Task requirements :: Copy out each line below that has the word "from" in it.

──────

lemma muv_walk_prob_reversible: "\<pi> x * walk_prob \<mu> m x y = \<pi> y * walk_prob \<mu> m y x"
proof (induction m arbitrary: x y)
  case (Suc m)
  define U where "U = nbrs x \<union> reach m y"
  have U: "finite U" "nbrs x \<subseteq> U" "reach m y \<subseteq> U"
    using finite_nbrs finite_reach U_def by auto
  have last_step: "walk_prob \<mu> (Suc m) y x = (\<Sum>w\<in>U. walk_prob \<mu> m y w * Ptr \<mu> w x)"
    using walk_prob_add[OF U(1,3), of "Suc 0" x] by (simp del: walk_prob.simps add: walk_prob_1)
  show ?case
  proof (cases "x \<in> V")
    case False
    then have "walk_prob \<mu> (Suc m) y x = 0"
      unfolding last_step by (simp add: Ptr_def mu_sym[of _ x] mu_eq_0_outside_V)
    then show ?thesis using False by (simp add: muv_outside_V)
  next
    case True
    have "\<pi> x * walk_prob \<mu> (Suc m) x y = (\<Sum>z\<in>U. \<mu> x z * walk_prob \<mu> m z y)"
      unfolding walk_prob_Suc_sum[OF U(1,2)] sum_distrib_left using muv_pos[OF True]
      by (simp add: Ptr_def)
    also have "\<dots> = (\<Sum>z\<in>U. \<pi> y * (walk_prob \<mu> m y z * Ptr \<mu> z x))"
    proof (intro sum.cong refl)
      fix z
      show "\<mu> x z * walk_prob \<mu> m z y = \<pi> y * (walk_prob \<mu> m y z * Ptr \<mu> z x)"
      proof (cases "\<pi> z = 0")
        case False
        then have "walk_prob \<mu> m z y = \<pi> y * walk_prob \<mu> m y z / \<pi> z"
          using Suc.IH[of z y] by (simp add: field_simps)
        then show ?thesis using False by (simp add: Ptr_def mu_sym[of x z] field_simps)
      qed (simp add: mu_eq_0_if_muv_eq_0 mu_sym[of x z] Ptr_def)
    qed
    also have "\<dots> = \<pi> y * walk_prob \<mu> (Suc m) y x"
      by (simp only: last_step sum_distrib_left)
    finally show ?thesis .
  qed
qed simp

──────

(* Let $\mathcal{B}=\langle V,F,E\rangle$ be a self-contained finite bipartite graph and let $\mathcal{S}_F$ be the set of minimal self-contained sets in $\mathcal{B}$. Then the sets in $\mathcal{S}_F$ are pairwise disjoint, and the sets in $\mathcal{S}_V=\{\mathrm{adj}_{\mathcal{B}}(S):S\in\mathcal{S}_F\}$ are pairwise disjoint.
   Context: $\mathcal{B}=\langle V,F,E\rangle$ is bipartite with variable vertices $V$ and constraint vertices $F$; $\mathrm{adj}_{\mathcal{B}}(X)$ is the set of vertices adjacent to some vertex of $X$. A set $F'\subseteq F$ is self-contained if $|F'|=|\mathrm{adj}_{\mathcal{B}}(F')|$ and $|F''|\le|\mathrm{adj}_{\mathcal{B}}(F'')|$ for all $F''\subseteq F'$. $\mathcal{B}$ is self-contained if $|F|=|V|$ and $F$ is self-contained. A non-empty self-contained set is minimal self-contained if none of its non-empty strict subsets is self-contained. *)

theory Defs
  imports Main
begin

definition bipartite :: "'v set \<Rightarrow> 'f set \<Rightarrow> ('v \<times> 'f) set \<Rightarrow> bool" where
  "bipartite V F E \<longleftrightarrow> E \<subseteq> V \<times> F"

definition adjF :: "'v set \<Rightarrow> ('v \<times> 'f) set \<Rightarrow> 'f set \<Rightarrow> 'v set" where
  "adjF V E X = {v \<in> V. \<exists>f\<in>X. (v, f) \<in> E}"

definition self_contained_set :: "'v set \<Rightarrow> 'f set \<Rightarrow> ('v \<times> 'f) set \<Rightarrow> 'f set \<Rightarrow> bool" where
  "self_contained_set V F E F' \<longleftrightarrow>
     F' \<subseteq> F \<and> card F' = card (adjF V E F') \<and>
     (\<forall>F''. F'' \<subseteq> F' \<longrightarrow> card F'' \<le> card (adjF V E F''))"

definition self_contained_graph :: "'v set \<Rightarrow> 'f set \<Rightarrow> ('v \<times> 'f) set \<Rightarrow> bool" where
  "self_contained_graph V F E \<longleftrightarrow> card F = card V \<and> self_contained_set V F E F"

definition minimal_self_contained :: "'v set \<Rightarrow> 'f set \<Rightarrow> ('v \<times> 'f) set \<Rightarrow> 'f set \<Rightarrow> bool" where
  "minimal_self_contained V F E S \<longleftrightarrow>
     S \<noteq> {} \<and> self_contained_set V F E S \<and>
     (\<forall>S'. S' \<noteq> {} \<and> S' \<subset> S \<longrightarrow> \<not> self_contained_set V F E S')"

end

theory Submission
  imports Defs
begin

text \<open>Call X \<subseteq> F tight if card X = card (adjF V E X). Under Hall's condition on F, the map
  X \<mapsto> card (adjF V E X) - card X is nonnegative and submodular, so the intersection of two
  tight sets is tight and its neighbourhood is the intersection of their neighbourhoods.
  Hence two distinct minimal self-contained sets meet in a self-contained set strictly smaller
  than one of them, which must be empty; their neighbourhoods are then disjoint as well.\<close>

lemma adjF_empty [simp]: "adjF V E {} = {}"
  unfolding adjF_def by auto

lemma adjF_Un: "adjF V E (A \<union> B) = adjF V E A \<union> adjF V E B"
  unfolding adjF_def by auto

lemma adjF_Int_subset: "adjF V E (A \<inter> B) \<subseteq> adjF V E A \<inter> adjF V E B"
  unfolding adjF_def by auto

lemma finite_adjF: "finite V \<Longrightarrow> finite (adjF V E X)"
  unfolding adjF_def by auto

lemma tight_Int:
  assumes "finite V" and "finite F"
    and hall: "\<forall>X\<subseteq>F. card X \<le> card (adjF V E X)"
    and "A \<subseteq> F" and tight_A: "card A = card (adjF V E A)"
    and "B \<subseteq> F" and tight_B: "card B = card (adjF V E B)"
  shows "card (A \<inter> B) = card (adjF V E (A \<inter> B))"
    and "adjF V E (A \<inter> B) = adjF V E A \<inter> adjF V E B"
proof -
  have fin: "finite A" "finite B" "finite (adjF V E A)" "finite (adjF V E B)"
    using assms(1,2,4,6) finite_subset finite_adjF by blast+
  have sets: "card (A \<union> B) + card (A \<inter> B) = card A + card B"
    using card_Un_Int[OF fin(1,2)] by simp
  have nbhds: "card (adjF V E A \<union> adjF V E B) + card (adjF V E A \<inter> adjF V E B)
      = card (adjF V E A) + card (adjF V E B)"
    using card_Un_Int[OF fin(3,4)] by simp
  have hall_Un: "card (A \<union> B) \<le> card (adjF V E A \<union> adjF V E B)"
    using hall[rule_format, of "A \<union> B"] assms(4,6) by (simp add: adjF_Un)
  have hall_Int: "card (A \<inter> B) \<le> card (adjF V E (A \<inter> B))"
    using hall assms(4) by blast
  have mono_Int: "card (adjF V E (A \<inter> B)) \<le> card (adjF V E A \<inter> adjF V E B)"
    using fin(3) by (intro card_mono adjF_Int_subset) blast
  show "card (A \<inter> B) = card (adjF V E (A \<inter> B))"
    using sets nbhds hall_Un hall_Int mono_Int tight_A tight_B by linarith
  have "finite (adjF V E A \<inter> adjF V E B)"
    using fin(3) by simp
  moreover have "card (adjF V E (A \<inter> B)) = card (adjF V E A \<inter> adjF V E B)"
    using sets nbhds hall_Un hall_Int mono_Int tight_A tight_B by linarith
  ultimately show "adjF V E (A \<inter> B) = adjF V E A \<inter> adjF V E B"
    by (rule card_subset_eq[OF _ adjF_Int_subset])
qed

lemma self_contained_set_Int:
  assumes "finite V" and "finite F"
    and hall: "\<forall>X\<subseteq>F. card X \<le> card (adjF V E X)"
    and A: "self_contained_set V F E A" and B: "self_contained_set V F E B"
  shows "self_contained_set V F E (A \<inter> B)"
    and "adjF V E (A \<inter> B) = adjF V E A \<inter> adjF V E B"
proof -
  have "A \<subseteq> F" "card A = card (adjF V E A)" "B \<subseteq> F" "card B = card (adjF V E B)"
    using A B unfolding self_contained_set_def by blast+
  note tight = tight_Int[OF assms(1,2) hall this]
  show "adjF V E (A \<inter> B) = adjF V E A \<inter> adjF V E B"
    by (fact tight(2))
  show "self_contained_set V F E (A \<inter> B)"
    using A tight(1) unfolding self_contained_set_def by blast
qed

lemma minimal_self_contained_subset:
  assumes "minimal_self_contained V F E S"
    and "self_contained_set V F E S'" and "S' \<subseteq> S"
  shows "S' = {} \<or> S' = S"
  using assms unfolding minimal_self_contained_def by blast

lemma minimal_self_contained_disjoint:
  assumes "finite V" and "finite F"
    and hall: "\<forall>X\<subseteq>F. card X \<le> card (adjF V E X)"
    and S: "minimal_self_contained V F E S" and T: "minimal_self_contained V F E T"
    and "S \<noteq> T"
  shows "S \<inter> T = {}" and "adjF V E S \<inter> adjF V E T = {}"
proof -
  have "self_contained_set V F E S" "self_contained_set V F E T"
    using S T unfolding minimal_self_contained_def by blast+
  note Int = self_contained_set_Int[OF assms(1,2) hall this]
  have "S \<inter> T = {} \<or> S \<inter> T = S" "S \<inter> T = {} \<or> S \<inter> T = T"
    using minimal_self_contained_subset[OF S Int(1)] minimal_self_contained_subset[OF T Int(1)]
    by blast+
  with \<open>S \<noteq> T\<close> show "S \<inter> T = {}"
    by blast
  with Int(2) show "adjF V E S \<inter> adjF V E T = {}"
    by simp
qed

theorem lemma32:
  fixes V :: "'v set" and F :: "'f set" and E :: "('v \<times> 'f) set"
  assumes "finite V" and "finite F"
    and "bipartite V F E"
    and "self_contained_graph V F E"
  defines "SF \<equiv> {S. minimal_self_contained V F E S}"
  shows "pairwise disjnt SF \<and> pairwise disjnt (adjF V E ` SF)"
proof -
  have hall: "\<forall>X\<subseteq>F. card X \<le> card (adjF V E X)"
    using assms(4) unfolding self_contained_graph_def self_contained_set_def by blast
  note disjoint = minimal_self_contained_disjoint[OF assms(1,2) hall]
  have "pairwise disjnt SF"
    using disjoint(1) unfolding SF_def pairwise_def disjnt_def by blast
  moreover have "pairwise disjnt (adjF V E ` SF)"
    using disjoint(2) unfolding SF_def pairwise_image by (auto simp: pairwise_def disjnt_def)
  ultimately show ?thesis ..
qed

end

──────

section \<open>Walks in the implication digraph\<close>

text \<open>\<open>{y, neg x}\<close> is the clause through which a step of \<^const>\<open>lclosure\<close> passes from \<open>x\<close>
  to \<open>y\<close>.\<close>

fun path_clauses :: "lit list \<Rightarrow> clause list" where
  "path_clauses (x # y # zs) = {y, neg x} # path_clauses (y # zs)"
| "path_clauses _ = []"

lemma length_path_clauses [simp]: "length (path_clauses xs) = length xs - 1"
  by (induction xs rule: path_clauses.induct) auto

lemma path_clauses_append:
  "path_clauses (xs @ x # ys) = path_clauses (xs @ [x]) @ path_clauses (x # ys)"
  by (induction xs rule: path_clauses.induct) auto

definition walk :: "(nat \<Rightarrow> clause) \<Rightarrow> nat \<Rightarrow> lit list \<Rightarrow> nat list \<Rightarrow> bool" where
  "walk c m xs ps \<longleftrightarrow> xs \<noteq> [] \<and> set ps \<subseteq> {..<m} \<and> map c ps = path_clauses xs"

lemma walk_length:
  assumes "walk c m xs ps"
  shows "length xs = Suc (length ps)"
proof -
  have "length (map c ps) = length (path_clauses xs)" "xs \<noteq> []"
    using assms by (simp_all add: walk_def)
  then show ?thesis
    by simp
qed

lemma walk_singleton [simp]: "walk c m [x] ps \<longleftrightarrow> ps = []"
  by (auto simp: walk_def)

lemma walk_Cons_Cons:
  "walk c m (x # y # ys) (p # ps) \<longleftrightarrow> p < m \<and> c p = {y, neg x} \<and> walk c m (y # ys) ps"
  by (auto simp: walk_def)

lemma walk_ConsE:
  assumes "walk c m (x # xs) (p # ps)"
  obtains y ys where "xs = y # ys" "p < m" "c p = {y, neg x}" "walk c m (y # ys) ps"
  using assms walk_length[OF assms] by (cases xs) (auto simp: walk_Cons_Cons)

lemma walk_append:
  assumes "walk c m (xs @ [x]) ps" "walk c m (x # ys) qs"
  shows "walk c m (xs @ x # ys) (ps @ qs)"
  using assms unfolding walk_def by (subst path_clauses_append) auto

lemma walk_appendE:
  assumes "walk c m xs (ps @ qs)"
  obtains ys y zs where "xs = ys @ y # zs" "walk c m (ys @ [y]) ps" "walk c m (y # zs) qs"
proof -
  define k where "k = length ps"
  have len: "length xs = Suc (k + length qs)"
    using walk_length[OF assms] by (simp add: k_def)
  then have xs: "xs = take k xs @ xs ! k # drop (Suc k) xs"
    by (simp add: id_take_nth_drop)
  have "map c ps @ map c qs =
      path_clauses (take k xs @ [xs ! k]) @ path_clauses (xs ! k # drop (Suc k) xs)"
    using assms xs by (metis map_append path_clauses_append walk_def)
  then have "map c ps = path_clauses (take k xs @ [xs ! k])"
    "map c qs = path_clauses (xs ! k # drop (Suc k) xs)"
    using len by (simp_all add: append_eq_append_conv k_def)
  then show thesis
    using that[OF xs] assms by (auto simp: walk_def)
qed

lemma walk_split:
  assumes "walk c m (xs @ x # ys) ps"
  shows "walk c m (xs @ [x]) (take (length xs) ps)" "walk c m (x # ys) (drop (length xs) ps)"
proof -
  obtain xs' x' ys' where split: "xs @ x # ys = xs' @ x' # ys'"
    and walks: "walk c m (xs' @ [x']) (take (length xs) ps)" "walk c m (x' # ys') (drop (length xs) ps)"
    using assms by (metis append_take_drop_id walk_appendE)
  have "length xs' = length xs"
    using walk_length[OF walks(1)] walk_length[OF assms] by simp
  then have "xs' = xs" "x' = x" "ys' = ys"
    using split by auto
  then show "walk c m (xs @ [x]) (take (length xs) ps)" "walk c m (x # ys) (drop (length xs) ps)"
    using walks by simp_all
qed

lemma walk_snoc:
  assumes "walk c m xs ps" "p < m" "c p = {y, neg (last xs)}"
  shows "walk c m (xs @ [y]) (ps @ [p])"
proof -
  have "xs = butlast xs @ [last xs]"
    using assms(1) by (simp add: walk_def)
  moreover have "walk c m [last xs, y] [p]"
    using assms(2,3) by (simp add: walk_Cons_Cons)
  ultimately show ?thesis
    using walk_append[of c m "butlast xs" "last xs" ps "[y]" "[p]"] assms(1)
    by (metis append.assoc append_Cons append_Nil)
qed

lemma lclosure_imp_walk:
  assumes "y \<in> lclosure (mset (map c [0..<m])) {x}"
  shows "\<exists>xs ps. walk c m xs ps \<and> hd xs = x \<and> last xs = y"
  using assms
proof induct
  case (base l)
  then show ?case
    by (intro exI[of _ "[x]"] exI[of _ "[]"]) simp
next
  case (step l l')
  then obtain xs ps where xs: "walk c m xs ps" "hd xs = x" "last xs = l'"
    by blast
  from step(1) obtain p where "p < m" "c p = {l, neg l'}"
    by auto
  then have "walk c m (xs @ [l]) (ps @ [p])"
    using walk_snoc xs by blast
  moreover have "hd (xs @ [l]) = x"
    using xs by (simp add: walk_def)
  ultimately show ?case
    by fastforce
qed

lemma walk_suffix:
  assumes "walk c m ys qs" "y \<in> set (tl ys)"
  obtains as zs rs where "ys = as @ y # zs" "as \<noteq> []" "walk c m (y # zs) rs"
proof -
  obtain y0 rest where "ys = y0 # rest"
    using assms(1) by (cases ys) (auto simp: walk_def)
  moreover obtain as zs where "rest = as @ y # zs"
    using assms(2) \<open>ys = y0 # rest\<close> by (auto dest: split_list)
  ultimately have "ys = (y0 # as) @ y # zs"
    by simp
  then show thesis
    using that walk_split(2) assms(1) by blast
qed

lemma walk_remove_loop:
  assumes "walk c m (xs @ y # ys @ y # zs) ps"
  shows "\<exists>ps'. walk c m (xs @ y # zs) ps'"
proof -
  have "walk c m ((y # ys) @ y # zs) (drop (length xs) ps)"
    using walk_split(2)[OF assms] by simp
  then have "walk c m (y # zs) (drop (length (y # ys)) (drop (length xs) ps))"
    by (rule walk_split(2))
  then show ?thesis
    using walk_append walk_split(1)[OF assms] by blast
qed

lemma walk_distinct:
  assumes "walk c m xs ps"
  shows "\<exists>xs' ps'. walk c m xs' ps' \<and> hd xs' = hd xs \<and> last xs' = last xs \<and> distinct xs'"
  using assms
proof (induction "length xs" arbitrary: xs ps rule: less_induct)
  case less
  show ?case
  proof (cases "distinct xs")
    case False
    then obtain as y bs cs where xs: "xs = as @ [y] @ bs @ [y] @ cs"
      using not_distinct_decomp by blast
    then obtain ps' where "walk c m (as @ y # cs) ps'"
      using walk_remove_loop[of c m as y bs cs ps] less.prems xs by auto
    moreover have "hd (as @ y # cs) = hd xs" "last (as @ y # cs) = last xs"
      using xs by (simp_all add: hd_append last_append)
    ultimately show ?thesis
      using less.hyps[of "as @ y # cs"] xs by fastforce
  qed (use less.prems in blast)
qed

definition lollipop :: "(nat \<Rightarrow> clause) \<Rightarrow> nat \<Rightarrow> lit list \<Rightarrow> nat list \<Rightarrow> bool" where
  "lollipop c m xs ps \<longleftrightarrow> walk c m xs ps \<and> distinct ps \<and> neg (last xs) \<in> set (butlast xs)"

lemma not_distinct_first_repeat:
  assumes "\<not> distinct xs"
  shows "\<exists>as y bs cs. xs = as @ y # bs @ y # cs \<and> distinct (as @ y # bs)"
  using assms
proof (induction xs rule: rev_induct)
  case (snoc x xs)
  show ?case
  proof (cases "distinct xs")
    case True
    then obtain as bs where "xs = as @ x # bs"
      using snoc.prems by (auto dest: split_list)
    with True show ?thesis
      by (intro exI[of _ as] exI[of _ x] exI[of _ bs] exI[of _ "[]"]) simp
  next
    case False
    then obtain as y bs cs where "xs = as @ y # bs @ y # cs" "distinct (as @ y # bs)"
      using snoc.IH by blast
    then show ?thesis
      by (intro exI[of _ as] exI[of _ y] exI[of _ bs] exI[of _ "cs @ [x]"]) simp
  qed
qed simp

──────

Answer box ::
text \<open>\<open>{y, neg x}\<close> is the clause through which a step of \<^const>\<open>lclosure\<close> passes from \<open>x\<close>
  from step(1) obtain p where "p < m" "c p = {l, neg l'}"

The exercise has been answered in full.